• _Directions for this task_
Each line in the entries below that holds the string "refl" must be copied.

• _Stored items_
******

lemma sum_parent_nonroot:
  assumes T: "rooted_tree V par r"
  shows "(\<Sum>u\<in>V - {r}. \<Sum>v\<in>V - {r}. of_bool (par u = v))
    = real (card (V - {r})) - real (down_degree V par r r)"
proof -
  let ?E = "V - {r}"
  have fin: "finite V"
    using T by (simp add: rooted_tree_def)
  have inner: "(\<Sum>v\<in>?E. of_bool (par u = v)) = (1 - of_bool (par u = r) :: real)"
    if "u \<in> ?E" for u
    using fin rooted_tree_parent_in[OF T that] by (simp add: of_bool_def sum.delta)
  then have "(\<Sum>u\<in>?E. \<Sum>v\<in>?E. of_bool (par u = v))
      = (\<Sum>u\<in>?E. 1 - of_bool (par u = r) :: real)"
    by (rule sum.cong[OF refl])
  also have "\<dots> = real (card ?E) - real (down_degree V par r r)"
    using fin by (simp add: sum_subtractf down_degree_eq_sum del: sum_of_bool_eq)
  finally show ?thesis .
qed

lemma des_eq_sum:
  "finite V \<Longrightarrow> real (des V par r w) = (\<Sum>v\<in>V - {r}. of_bool (w (par v) < w v))"
  unfolding des_def by (rule of_nat_card_filter_eq_sum) simp

lemma sum_labelings_des:
  assumes T: "rooted_tree V par r"
  shows "(\<Sum>w\<in>labelings V. real (des V par r w))
    = real (card (labelings V)) * real (card (V - {r})) / 2"
proof -
  let ?L = "labelings V" and ?E = "V - {r}"
  have fin: "finite V"
    using T by (simp add: rooted_tree_def)
  have descent: "(\<Sum>w\<in>?L. of_bool (w (par v) < w v)) = real (card ?L) / 2" if "v \<in> ?E" for v
    using card_labelings_less[OF fin _ rooted_tree_parent_in[OF T that]
        rooted_tree_parent_neq[OF T that, symmetric]] that labelings_finite[OF fin]
    by (simp add: of_nat_card_filter_eq_sum[symmetric] del: sum_of_bool_eq)
  have "(\<Sum>w\<in>?L. real (des V par r w)) = (\<Sum>v\<in>?E. \<Sum>w\<in>?L. of_bool (w (par v) < w v))"
    using fin by (simp add: des_eq_sum sum.swap[of _ ?L] del: sum_of_bool_eq)
  also have "\<dots> = (\<Sum>v\<in>?E. real (card ?L) / 2)"
    by (intro sum.cong refl descent)
  also have "\<dots> = real (card ?L) * real (card ?E) / 2"
    by simp
  finally show ?thesis .
qed

lemma sum_labelings_des_sq:
  assumes T: "rooted_tree V par r"
  shows "(\<Sum>w\<in>labelings V. real (des V par r w) ^ 2)
    = real (card (labelings V)) * (3 * real (card (V - {r})) ^ 2
        + (\<Sum>p\<in>V. real (down_degree V par r p) ^ 2) + 2 * real (down_degree V par r r)) / 12"
proof -
  let ?L = "labelings V" and ?E = "V - {r}" and ?N = "real (card (labelings V))"
  let ?weight = "\<lambda>u v. 3 + 2 * of_bool (u = v) + of_bool (par u = par v)
    - of_bool (par u = v) - of_bool (par v = u) :: real"
  have fin: "finite V"
    using T by (simp add: rooted_tree_def)
  have two_descents: "(\<Sum>w\<in>?L. of_bool (w (par u) < w u) * of_bool (w (par v) < w v))
      = ?N / 12 * ?weight u v" if "u \<in> ?E" "v \<in> ?E" for u v
    using card_labelings_two_descents[OF T that] labelings_finite[OF fin]
    by (simp add: of_bool_conj of_nat_card_filter_eq_sum[symmetric] del: sum_of_bool_eq)
  have "(\<Sum>w\<in>?L. real (des V par r w) ^ 2)
      = (\<Sum>u\<in>?E. \<Sum>v\<in>?E. \<Sum>w\<in>?L. of_bool (w (par u) < w u) * of_bool (w (par v) < w v))"
    using fin
    by (simp add: des_eq_sum power2_eq_square sum_product sum.swap[of _ ?L] del: sum_of_bool_eq)
  also have "\<dots> = (\<Sum>u\<in>?E. \<Sum>v\<in>?E. ?N / 12 * ?weight u v)"
    by (intro sum.cong refl two_descents)
  also have "\<dots> = ?N / 12 * (\<Sum>u\<in>?E. \<Sum>v\<in>?E. ?weight u v)"
    by (simp add: sum_distrib_left)
  also have "(\<Sum>u\<in>?E. \<Sum>v\<in>?E. ?weight u v)
      = 3 * real (card ?E) ^ 2 + 2 * (\<Sum>u\<in>?E. \<Sum>v\<in>?E. of_bool (u = v))
        + (\<Sum>u\<in>?E. \<Sum>v\<in>?E. of_bool (par u = par v))
        - (\<Sum>u\<in>?E. \<Sum>v\<in>?E. of_bool (par u = v))
        - (\<Sum>u\<in>?E. \<Sum>v\<in>?E. of_bool (par v = u))"
    by (simp add: sum.distrib sum_subtractf sum_distrib_left power2_eq_square del: sum_of_bool_eq)
  also have "(\<Sum>u\<in>?E. \<Sum>v\<in>?E. of_bool (u = v)) = real (card ?E)"
    using fin by simp
  also have "(\<Sum>u\<in>?E. \<Sum>v\<in>?E. of_bool (par v = u))
      = (\<Sum>u\<in>?E. \<Sum>v\<in>?E. of_bool (par u = v))"
    by (rule sum.swap)
  finally show ?thesis
    using sum_same_parent_eq_sum_down_degree_sq[OF T] sum_parent_nonroot[OF T]
    by (simp add: algebra_simps)
qed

******

• _Your solution_
    by (rule sum.cong[OF refl])
    by (intro sum.cong refl descent)
    by (intro sum.cong refl two_descents)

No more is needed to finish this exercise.